Transferring schools is hard. Leaving a familiar environment behind to stake out a place where the rest of your classmates are well established is intimidating, and a successful transfer experience requires resources, support and integration into your new community.
When I opened my transfer acceptance letter to Georgetown University, I finally felt like pieces of my life were falling back into place after months of turmoil and uncertainty. As a senior in high school, I had turned down my first-year acceptance in favor of staying close to my family because of the COVID-19 pandemic. Now, almost a year after receiving my first decision letter from Georgetown, my second acceptance confirmed I would spend the rest of my college years on the Hilltop. I was so excited; COVID-19 had already interfered with enough of my university plans, and I couldn’t wait for everything to run smoothly after I started at Georgetown in the spring.
That excitement came before the pandemic knocked my plans off course again, as Georgetown announced it would not invite most students back to campus for the spring semester. While I understood this decision, it has made this semester incredibly isolating for me and fellow transfer students who matriculated to Georgetown this year. While I am so grateful to be attending Georgetown this semester, the detachment that comes with online school, coupled with the alienation inherent to being a new transfer student, hasn’t really put me in the Hoya Saxa spirit. I am enjoying my classes, but I feel completely detached from Georgetown itself. Being online makes it seem like I am still a student at my old university who just happens to have a new blue-themed Canvas page. The nature of a virtual, off-campus semester has made building a connection to the Georgetown community nearly impossible, and I would bet most first-years and transfers feel the same way.
Georgetown student organizations have offered some supportive resources for new students over the last semester. Virtual retreat weekends with ESCAPE and mentorship programs like Big Hoya Little Hoya can mitigate the challenges of remote learning, but nothing can replace what has been lost by experiencing college through a computer screen. The serendipitous nature by which college relationships form relies on a person-to-person interface: Meeting people at dorms or popular spots around campus, bonding with students sitting nearby in class and making friends at social events are all tried and true ways that friendships have formed in college for decades. New Georgetown students, first-years and transfers, have not had the opportunity to experience these moments, and the consequences of isolation have left a serious impact on the social, emotional and mental well-being of new students. Throughout the pandemic, rates of anxiety, depression and suicidal ideation have skyrocketed among college-aged young adults who have found themselves stripped of community amid extremely stressful global events.

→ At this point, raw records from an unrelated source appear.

(* Let $T\in\mathbb{P}(Sym^d(\mathbb{C}^{n+1}))$ and let $A\subset\mathbb{P}^n$ be a minimal decomposition of $T$. Assume that $\ell(A)\le d$ and that $A$ does not contain an aligned (i.e. collinear) subset of cardinality $d/2$. Then $T$ has rank $\ell(A)$ and $T$ is identifiable.
   Context: All spaces are complex projective; $\ell(A)$ is the cardinality of $A$. The Veronese map $\nu_d:\mathbb{P}^n\to\mathbb{P}(Sym^d(\mathbb{C}^{n+1}))$ sends $[L]$ ($L$ a linear form) to $[L^d]$. A finite set $A$ is a decomposition of $T$ if $T\in\langle\nu_d(A)\rangle$; it is minimal if no proper subset of $A$ is a decomposition of $T$. The rank of $T$ is the minimal cardinality of a decomposition. $T$ of rank $r$ is identifiable if it has only one decomposition of cardinality $r$, up to scaling and permutation of summands. *)

theory Defs
  imports Complex_Main
begin

text \<open>Vectors of C^{n+1} are functions 'n \<Rightarrow> complex for a finite index type 'n
 (so n+1 = CARD('n)). Tensors of order d are functions (nat \<Rightarrow> 'n) \<Rightarrow> complex,
 where only the values on {..<d} of the index function matter.\<close>

definition cspan :: "('a \<Rightarrow> complex) set \<Rightarrow> ('a \<Rightarrow> complex) set" where
  "cspan S = {x. \<exists>F c. finite F \<and> F \<subseteq> S \<and> (\<forall>i. x i = (\<Sum>v\<in>F. c v * v i))}"

definition proj_points :: "('n::finite \<Rightarrow> complex) set set" where
  "proj_points = {L. \<exists>v. v \<noteq> (\<lambda>_. 0) \<and> L = cspan {v}}"

text \<open>The d-th power L^d of a linear form, as a symmetric tensor.\<close>
definition ver :: "nat \<Rightarrow> ('n::finite \<Rightarrow> complex) \<Rightarrow> ((nat \<Rightarrow> 'n) \<Rightarrow> complex)" where
  "ver d v = (\<lambda>f. \<Prod>i<d. v (f i))"

definition ver_span :: "nat \<Rightarrow> ('n::finite \<Rightarrow> complex) set set \<Rightarrow> ((nat \<Rightarrow> 'n) \<Rightarrow> complex) set" where
  "ver_span d A = cspan (\<Union>L\<in>A. ver d ` L)"

definition is_decomposition :: "nat \<Rightarrow> ((nat \<Rightarrow> 'n::finite) \<Rightarrow> complex) \<Rightarrow> ('n \<Rightarrow> complex) set set \<Rightarrow> bool" where
  "is_decomposition d T A \<longleftrightarrow> finite A \<and> A \<subseteq> proj_points \<and> T \<in> ver_span d A"

definition minimal_decomposition :: "nat \<Rightarrow> ((nat \<Rightarrow> 'n::finite) \<Rightarrow> complex) \<Rightarrow> ('n \<Rightarrow> complex) set set \<Rightarrow> bool" where
  "minimal_decomposition d T A \<longleftrightarrow> is_decomposition d T A \<and> (\<forall>B. B \<subset> A \<longrightarrow> \<not> is_decomposition d T B)"

definition tensor_rank :: "nat \<Rightarrow> ((nat \<Rightarrow> 'n::finite) \<Rightarrow> complex) \<Rightarrow> nat" where
  "tensor_rank d T = (LEAST r. \<exists>A. is_decomposition d T A \<and> card A = r)"

definition identifiable :: "nat \<Rightarrow> ((nat \<Rightarrow> 'n::finite) \<Rightarrow> complex) \<Rightarrow> bool" where
  "identifiable d T \<longleftrightarrow> (\<exists>!A. is_decomposition d T A \<and> card A = tensor_rank d T)"

definition aligned :: "('n::finite \<Rightarrow> complex) set set \<Rightarrow> bool" where
  "aligned S \<longleftrightarrow> (\<exists>u w. \<forall>L\<in>S. L \<subseteq> cspan {u, w})"

end

(*
  Let B be a decomposition of T with at most card A points and put Z = A \<union> B, so that
  card Z \<le> 2d.  If every line through a point p of Z carries at most d further points of Z,
  then Z - {p} splits into d groups of at most two points, no group collinear with p.  A
  linear form vanishing on a group but not at p exists for each group, and their product is a
  degree d form vanishing on Z - {p} but not at p; contracting the two expansions of T with
  it shows that p has the same coefficient in A and in B.  A point where A and B differ
  therefore lies on a line containing at least d + 2 points of Z.  The argument applies to
  every point off that line, so A and B agree there; counting then puts more than d/2
  points of A on the line, which the hypothesis on aligned subsets excludes.
*)
theory Submission
  imports Defs "HOL-Library.FuncSet"
begin

lemma cspan_mono: "S \<subseteq> U \<Longrightarrow> cspan S \<subseteq> cspan U"
  unfolding cspan_def by blast

lemma cspan_combination:
  assumes "finite I" "b ` I \<subseteq> S"
  shows "(\<lambda>x. \<Sum>i\<in>I. k i * b i x) \<in> cspan S"
proof -
  define k' where "k' v = (\<Sum>i\<in>{i\<in>I. b i = v}. k i)" for v
  have "(\<Sum>i\<in>I. k i * b i x) = (\<Sum>v\<in>b ` I. k' v * v x)" for x
  proof -
    have "(\<Sum>i\<in>I. k i * b i x) = (\<Sum>v\<in>b ` I. \<Sum>i\<in>{i\<in>I. b i = v}. k i * b i x)"
      using assms(1) by (rule sum.image_gen)
    also have "\<dots> = (\<Sum>v\<in>b ` I. k' v * v x)"
      unfolding k'_def sum_distrib_right by (intro sum.cong) auto
    finally show ?thesis .
  qed
  then show ?thesis
    using assms unfolding cspan_def by blast
qed

lemma cspan_subset_combinations:
  assumes "finite I" "\<forall>v\<in>S. \<exists>k. v = (\<lambda>x. \<Sum>i\<in>I. k i * b i x)" "y \<in> cspan S"
  shows "\<exists>k. y = (\<lambda>x. \<Sum>i\<in>I. k i * b i x)"
proof -
  obtain F c where F: "F \<subseteq> S" "\<forall>x. y x = (\<Sum>v\<in>F. c v * v x)"
    using assms(3) unfolding cspan_def by blast
  obtain k where k: "\<forall>v\<in>S. v = (\<lambda>x. \<Sum>i\<in>I. k v i * b i x)"
    using bchoice[OF assms(2)] by blast
  have "y x = (\<Sum>i\<in>I. (\<Sum>v\<in>F. c v * k v i) * b i x)" for x
  proof -
    have "c v * v x = c v * (\<Sum>i\<in>I. k v i * b i x)" if "v \<in> F" for v
      using fun_cong[OF bspec[OF k], of v x] that F(1) by auto
    then have "(\<Sum>v\<in>F. c v * v x) = (\<Sum>v\<in>F. c v * (\<Sum>i\<in>I. k v i * b i x))"
      by (rule sum.cong[OF refl])
    then have "y x = (\<Sum>v\<in>F. c v * (\<Sum>i\<in>I. k v i * b i x))"
      using F(2) by simp
    then show ?thesis
      by (simp add: sum_distrib_left sum_distrib_right mult.assoc sum.swap[of _ F])
  qed
  then show ?thesis
    by (intro exI[of _ "\<lambda>i. \<Sum>v\<in>F. c v * k v i"] ext)
qed

lemma cspan_finite_iff:
  assumes "finite S"
  shows "x \<in> cspan S \<longleftrightarrow> (\<exists>c. x = (\<lambda>i. \<Sum>v\<in>S. c v * v i))"
proof
  have basis: "\<forall>v\<in>S. \<exists>k. v = (\<lambda>i. \<Sum>u\<in>S. k u * u i)"
  proof
    fix v assume "v \<in> S"
    have "v i = (\<Sum>u\<in>S. (if u = v then 1 else 0) * u i)" for i
    proof -
      have "(\<Sum>u\<in>S. (if u = v then 1 else 0) * u i) = (\<Sum>u\<in>S. if u = v then v i else 0)"
        by (rule sum.cong) auto
      then show ?thesis
        using \<open>v \<in> S\<close> assms by simp
    qed
    then show "\<exists>k. v = (\<lambda>i. \<Sum>u\<in>S. k u * u i)"
      by (intro exI[of _ "\<lambda>u. if u = v then 1 else 0"] ext)
  qed
  show "\<exists>c. x = (\<lambda>i. \<Sum>v\<in>S. c v * v i)" if "x \<in> cspan S"
    using cspan_subset_combinations[where b="\<lambda>v. v", OF assms basis that] .
  show "x \<in> cspan S" if "\<exists>c. x = (\<lambda>i. \<Sum>v\<in>S. c v * v i)"
    using that cspan_combination[where b="\<lambda>v. v", OF assms] by auto
qed

lemma cspan_empty: "cspan {} = {\<lambda>_. 0}"
  by (simp add: cspan_finite_iff set_eq_iff)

The health of our community has been everyone’s top priority for the last year, and rightfully so. Now, as Georgetown has announced mandatory vaccinations for returning students next fall to ensure students remain physically healthy, the university should do all it can to prioritize the mental well-being of its students. The best way to support new Hoyas moving forward is to allow them to experience what it is like to be Hoyas: To integrate into the Georgetown community, we need to be able to join it in a more typical fashion. Though Georgetown is preparing for a residential return to campus in the fall, the administration has remained conservative in its decision-making regarding class formats and restrictions that will be in place for students next semester. When I look at my schedule for the fall, it’s marked with the same “Online REMOTE” description that has branded the last year of my life.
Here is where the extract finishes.